The same day I asked Shams if it didn’t trouble him that he was so widely misunderstood and underappreciated. Scarcely able to contain my apprehension, I pointed out that he had gained many enemies lately.
Shams looked at me blankly, as if he had no idea what I was talking about. “But I have no enemies,” he said with a shrug. “The lovers of God can have critics and even rivals, but they cannot have enemies.” “Yes, but you quarrel with people,” I objected.
Shams bristled with fervor. “I don’t quarrel with them, I quarrel with their ego. That’s different.”
Then he added softly, “It is one of the forty rules: This world is like a snowy mountain that echoes your voice. Whatever you speak, good or evil, will somehow come back to you. Therefore, if there is someone who harbors ill thoughts about you, saying similarly bad things about him will only make matters worse. You will be locked in a vicious circle of malevolent energy. Instead for forty days and nights say and think nice things about that person. Everything will be different at the end of forty days, because you will be different inside.” “But people are saying all sorts of things about you. They even say for two men to be so fond of each other there has to be an unspeakable bond between them,” I said, my voice failing me toward the end.
Upon hearing this, Shams put his hand on my arm and smiled his usual calming smile. He then told me a story.
Two men were traveling from one town to another. They came to a stream that had risen due to heavy rainfall. Just when they were about to cross the water, they noticed a young, beautiful woman standing there all alone, in need of help. One of the men immediately went to her side. He picked the woman up and carried her in his arms across the stream. Then he dropped her there, waved good-bye, and the two men went their way.

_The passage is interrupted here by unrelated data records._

(* Let $r(t)\in\mathbb{Z}[t]$ with $r(0)\neq0$, and let $X$ be the set of roots of $r(t)$ in $\overline{\mathbb{Q}}^\times$. The following are equivalent: (i) $X$ is not an arithmetically-free subset of $(\overline{\mathbb{Q}}^\times,\cdot)$; (ii) there exist $u\in\mathbb{N}$ and $s(t)\in\mathbb{Z}[t]\setminus\mathbb{Z}$ such that both the cyclotomic polynomial $\Phi_u(t)$ and $s(t^u)$ divide $r(t)$ in $\mathbb{Z}[t]$.
   Context: $\mathbb{N}=\{1,2,\dots\}$. A finite subset $X$ of an abelian group $(A,\cdot)$ is arithmetically-free if $X$ contains no progression $\lambda,\lambda\mu,\lambda\mu^2,\dots,\lambda\mu^{|X|}$ with $\lambda,\mu\in X$. $\Phi_u(t)$ denotes the $u$-th cyclotomic polynomial. *)

theory Defs
  imports Complex_Main "HOL-Computational_Algebra.Polynomial"
begin

definition arith_free :: "'a::comm_monoid_mult set \<Rightarrow> bool" where
  "arith_free X \<longleftrightarrow> finite X \<and>
     \<not> (\<exists>l\<in>X. \<exists>m\<in>X. \<forall>k\<le>card X. l * m ^ k \<in> X)"

definition cyclotomic_complex :: "nat \<Rightarrow> complex poly" where
  "cyclotomic_complex u =
     (\<Prod>k\<in>{k\<in>{1..u}. coprime k u}. [: - cis (2 * pi * real k / real u), 1 :])"

text \<open>The u-th cyclotomic polynomial as an element of Z[t] (its coefficients are integers).\<close>
definition cyclotomic :: "nat \<Rightarrow> int poly" where
  "cyclotomic u = (THE p. map_poly of_int p = cyclotomic_complex u)"

end

theory Submission
  imports Defs "HOL-Computational_Algebra.Fundamental_Theorem_Algebra"
    "HOL-Computational_Algebra.Polynomial_Factorial" "HOL-Number_Theory.Cong"
begin

text \<open>
  The number-theoretic input is the irreducibility of cyclotomic polynomials, by Dedekind's
  argument: if \<open>f\<close> is the minimal integer polynomial of a root of unity \<open>z\<close> of order \<open>u\<close> and
  \<open>p\<close> is a prime not dividing \<open>u\<close>, then \<open>f(z\<^sup>p) = 0\<close>. Otherwise \<open>f\<close> would divide
  \<open>g(t\<^sup>p) \<equiv> g(t)\<^sup>p (mod p)\<close> for the cofactor \<open>g\<close> of \<open>f\<close> in \<open>t\<^sup>u - 1\<close>, contradicting the
  separability of \<open>t\<^sup>u - 1\<close> modulo \<open>p\<close>. Hence the minimal polynomial of \<open>\<zeta>\<^sub>u\<close> vanishes
  exactly at the primitive \<open>u\<close>-th roots of unity, so it is \<open>\<Phi>\<^sub>u\<close>, which thus has integer
  coefficients and is the minimal polynomial of every primitive \<open>u\<close>-th root of unity.

  If \<open>X\<close> contains \<open>\<lambda>, \<lambda>\<mu>, \<dots>, \<lambda>\<mu>\<^bsup>|X|\<^esup>\<close>, two of these coincide, so \<open>\<mu>\<close> is a primitive
  \<open>u\<close>-th root of unity for some \<open>u\<close>, and then \<open>\<lambda>w \<in> X\<close> for all \<open>u\<close>-th roots of unity \<open>w\<close>.
  The first fact gives \<open>\<Phi>\<^sub>u | r\<close>. For the second, write \<open>r(t) = \<Sum>\<^sub>i\<^sub><\<^sub>u t\<^sup>i c\<^sub>i(t\<^sup>u)\<close>: then
  \<open>\<Sum>\<^sub>i c\<^sub>i(\<lambda>\<^sup>u) \<lambda>\<^sup>i t\<^sup>i\<close> has degree \<open>< u\<close> and \<open>u\<close> roots, so every \<open>c\<^sub>i\<close> vanishes at \<open>\<lambda>\<^sup>u\<close>
  and is divisible by the minimal polynomial \<open>s\<close> of \<open>\<lambda>\<^sup>u\<close>, whence \<open>s(t\<^sup>u) | r\<close>. Conversely,
  if \<open>\<Phi>\<^sub>u | r\<close> and \<open>s(t\<^sup>u) | r\<close>, choose \<open>\<lambda>\<close> with \<open>\<lambda>\<^sup>u\<close> a root of \<open>s\<close>; then
  \<open>\<lambda>\<zeta>\<^sub>u\<^sup>k \<in> X\<close> for all \<open>k\<close>.
\<close>

section \<open>Integer polynomials\<close>

abbreviation of_int_poly :: "int poly \<Rightarrow> 'a::comm_ring_1 poly" where
  "of_int_poly \<equiv> map_poly of_int"

lemma of_int_poly_add: "of_int_poly (p + q) = of_int_poly p + of_int_poly q"
  by (rule poly_eqI) (simp add: coeff_map_poly)

lemma of_int_poly_diff: "of_int_poly (p - q) = of_int_poly p - of_int_poly q"
  by (rule poly_eqI) (simp add: coeff_map_poly)

lemma of_int_poly_mult: "of_int_poly (p * q) = of_int_poly p * of_int_poly q"
  by (rule poly_eqI) (simp add: coeff_map_poly coeff_mult)

lemma of_int_poly_smult: "of_int_poly (smult c p) = smult (of_int c) (of_int_poly p)"
  by (rule poly_eqI) (simp add: coeff_map_poly)

lemma of_int_poly_monom: "of_int_poly (monom c n) = monom (of_int c) n"
  by (simp add: map_poly_monom)

lemma of_int_poly_sum: "of_int_poly (\<Sum>i\<in>A. f i) = (\<Sum>i\<in>A. of_int_poly (f i))"
  by (induction A rule: infinite_finite_induct) (simp_all add: of_int_poly_add)

lemma of_int_poly_pcompose:
  "of_int_poly (pcompose p q) = pcompose (of_int_poly p) (of_int_poly q)"
  by (induction p) (simp_all add: map_poly_pCons pcompose_pCons of_int_poly_add of_int_poly_mult)

lemmas of_int_poly_hom = of_int_poly_add of_int_poly_diff of_int_poly_mult of_int_poly_smult
  of_int_poly_monom of_int_poly_sum of_int_poly_pcompose

lemma of_int_poly_dvd: "p dvd q \<Longrightarrow> of_int_poly p dvd of_int_poly q"
  by (auto simp: of_int_poly_mult elim!: dvdE)

lemma of_int_poly_eq_iff [simp]:
  "(of_int_poly p :: 'a::{comm_ring_1,ring_char_0} poly) = of_int_poly q \<longleftrightarrow> p = q"
  by (metis coeff_map_poly of_int_0 of_int_eq_iff poly_eqI)

lemma poly_of_int_poly_dvd:
  "p dvd q \<Longrightarrow> poly (of_int_poly p) z = 0 \<Longrightarrow> poly (of_int_poly q) z = 0"
  by (auto simp: of_int_poly_mult elim!: dvdE)

lemma poly_of_int_poly_X_power_minus_1 [simp]:
  "poly (of_int_poly (monom 1 n - 1)) z = z ^ n - 1"
  by (simp add: of_int_poly_hom poly_monom)

section \<open>Frobenius congruence\<close>

lemma prime_dvd_add_power_sub:
  fixes a b :: "'a::comm_ring_1"
  assumes "prime p"
  shows "of_nat p dvd (a + b) ^ p - (a ^ p + b ^ p)"
proof -
  have p: "p > 0" using assms prime_gt_0_nat by blast
  have "(a + b) ^ p = (\<Sum>k\<le>p. of_nat (p choose k) * a ^ k * b ^ (p - k))"
    by (rule binomial_ring)
  also have "{..p} = insert 0 (insert p {1..<p})" using p by auto
  finally have "(a + b) ^ p - (a ^ p + b ^ p) =
      (\<Sum>k\<in>{1..<p}. of_nat (p choose k) * a ^ k * b ^ (p - k))"
    using p by (simp add: algebra_simps)
  also have "of_nat p dvd \<dots>"
  proof (intro dvd_sum dvd_mult2)
    fix k assume "k \<in> {1..<p}"
    then have "p dvd p choose k" using assms by (intro dvd_choose_prime) auto
    then show "of_nat p dvd (of_nat (p choose k) :: 'a)" by (metis dvd_def of_nat_mult)
  qed
  finally show ?thesis .
qed

lemma prime_dvd_power_sub_self:
  fixes a :: int
  assumes "prime p"
  shows "int p dvd a ^ p - a"
proof -
  have step: "int p dvd (j + 1) ^ p - (j + 1) \<longleftrightarrow> int p dvd j ^ p - j" for j :: int
  proof -
    have "(j + 1) ^ p - (j + 1) = ((j + 1) ^ p - (j ^ p + 1 ^ p)) + (j ^ p - j)" by simp
    moreover have "int p dvd (j + 1) ^ p - (j ^ p + 1 ^ p)"
      using prime_dvd_add_power_sub[OF assms, of j 1] by simp
    ultimately show ?thesis by (metis dvd_add_right_iff)
  qed
  show ?thesis
  proof (induction a rule: int_induct[where k = 0])
    case base
    then show ?case using assms prime_gt_0_nat by (simp add: power_0_left)
  next
    case (step1 i)
    then show ?case using step[of i] by simp
  next
    case (step2 i)
    then show ?case using step[of "i - 1"] by simp
  qed
qed

lemma prime_dvd_power_sub_pcompose_monom:
  fixes g :: "int poly"
  assumes "prime p"
  shows "of_nat p dvd g ^ p - pcompose g (monom 1 p)"
proof (induction g)
  case 0
  then show ?case using assms prime_gt_0_nat by (simp add: power_0_left)
next
  case (pCons a g)
  define x :: "int poly" where "x = monom 1 1"
  have "pCons a g = [:a:] + x * g"
    by (simp add: x_def monom_Suc monom_0 mult.commute)
  moreover have "pcompose (pCons a g) (monom 1 p) = [:a:] + x ^ p * pcompose g (monom 1 p)"
    by (simp add: x_def pcompose_pCons monom_power)
  ultimately have "pCons a g ^ p - pcompose (pCons a g) (monom 1 p) =
      (([:a:] + x * g) ^ p - ([:a:] ^ p + (x * g) ^ p)) + [:a ^ p - a:]
      + x ^ p * (g ^ p - pcompose g (monom 1 p))"
    by (simp add: power_mult_distrib poly_const_pow algebra_simps)
  moreover have "of_nat p dvd [:a ^ p - a:]"
  proof -
    obtain k where "a ^ p - a = int p * k" using prime_dvd_power_sub_self[OF assms] by blast
    then have "[:a ^ p - a:] = of_nat p * [:k:]" by (simp add: of_nat_poly)
    then show ?thesis by (metis dvd_triv_left)
  qed
  ultimately show ?case
    using prime_dvd_add_power_sub[OF assms] pCons.IH by (metis dvd_add dvd_mult)
qed
(* Let $F$, $H$, $X$, $\Omega$, $Q$ and the sequences generated by the IneIREG method be as described in the context. Suppose: $(\eta_k)$ is nonincreasing; $\alpha_0\in[0,1]$ and $(\alpha_k/\eta_k)$ is nonincreasing; $\lambda_k\in[\underline\lambda,\overline\lambda]$ for all $k\ge0$ with $0<\underline\lambda\le\overline\lambda\le1/(L_F+\eta_0L_H)$; and $\sum_{k=0}^\infty\delta_k\eta_k^{-1}<+\infty$. For $k\ge1$ let $\Lambda_k=\sum_{j=0}^{k-1}\lambda_j$ and $\overline y_k=\Lambda_k^{-1}\sum_{j=0}^{k-1}\lambda_jy_j$. Then for all $k\ge1$, $$0\le\mathrm{Gap}(\overline y_k,F,X)\le\frac1k\Big(\frac{D_X^2}{2\underline\lambda}\Big)+\frac{\sum_{j=0}^{k-1}\delta_j}{k}\Big(\frac{1}{2\underline\lambda}\Big)+\frac{\sum_{j=0}^{k-1}\eta_j}{k}\Big(\frac{\overline\lambda C_HD_X}{\underline\lambda}\Big).$$
   Context: Work in $\mathbb{R}^n$ with Euclidean inner product $\langle\cdot,\cdot\rangle$ and norm $\|\cdot\|$. The maps $F\colon \mathrm{Dom}\,F\to\mathbb{R}^n$ and $H\colon\mathrm{Dom}\,H\to\mathbb{R}^n$ are monotone and Lipschitz continuous with constants $L_F>0$ and $L_H>0$. $X$ is a nonempty compact convex set and $\Omega$ a nonempty closed convex set with $X\subset\Omega\subset\mathrm{Dom}\,F\cap\mathrm{Dom}\,H$; $P_X,P_\Omega$ denote orthogonal projections. $Q:=\{x\in X:\langle F(x),y-x\rangle\ge0\ \forall y\in X\}$ is assumed nonempty. $D_X:=\sup_{x,y\in X}\|x-y\|$, $C_H:=\sup_{x\in X}\|H(x)\|$. $\mathrm{Gap}(z,F,X):=\sup_{x\in X}\langle F(x),z-x\rangle$. IneIREG method: start with $x_0=x_{-1}\in X$; for $k=0,1,\dots$, with parameters $\alpha_k\ge0$, $\lambda_k>0$, $\eta_k>0$, set $w_k=x_k+\alpha_k(x_k-x_{k-1})$, $w'_k=P_\Omega(w_k)$, $y_k=P_X\big(w_k-\lambda_k(F(w'_k)+\eta_kH(w'_k))\big)$, $x_{k+1}=P_X\big(w_k-\lambda_k(F(y_k)+\eta_kH(y_k))\big)$. Also $\delta_k:=\alpha_k(1+\alpha_k)\|x_k-x_{k-1}\|^2$ for $k\ge0$. *)

theory Defs
  imports "HOL-Analysis.Analysis"
begin

definition monotone_op :: "('a::real_inner \<Rightarrow> 'a) \<Rightarrow> 'a set \<Rightarrow> bool" where
  "monotone_op F D \<longleftrightarrow> (\<forall>x\<in>D. \<forall>y\<in>D. inner (F x - F y) (x - y) \<ge> 0)"

definition VI_sol :: "('a::real_inner \<Rightarrow> 'a) \<Rightarrow> 'a set \<Rightarrow> 'a set" where
  "VI_sol F X = {x \<in> X. \<forall>y\<in>X. inner (F x) (y - x) \<ge> 0}"

definition Gap :: "'a::real_inner \<Rightarrow> ('a \<Rightarrow> 'a) \<Rightarrow> 'a set \<Rightarrow> real" where
  "Gap z F X = (SUP x\<in>X. inner (F x) (z - x))"

end

theory Submission
  imports Defs
begin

During the rest of the trip, the second traveler was unusually silent and sullen, not responding to his friend’s questions. After several hours of sulking, unable to keep silent anymore, he said, “Why did you touch that woman? She could have seduced you! Men and women cannot come into contact like that!” The first man responded calmly, “My friend, I carried the woman across the stream, and that is where I left her. It is you who have been carrying her ever since.”
“Some people are like that,” Shams said. “They carry their own fears and biases on their shoulders, crushed under all that weight. If you hear of anyone who cannot comprehend the depth of the bond between your father and me, tell him to wash his mind!”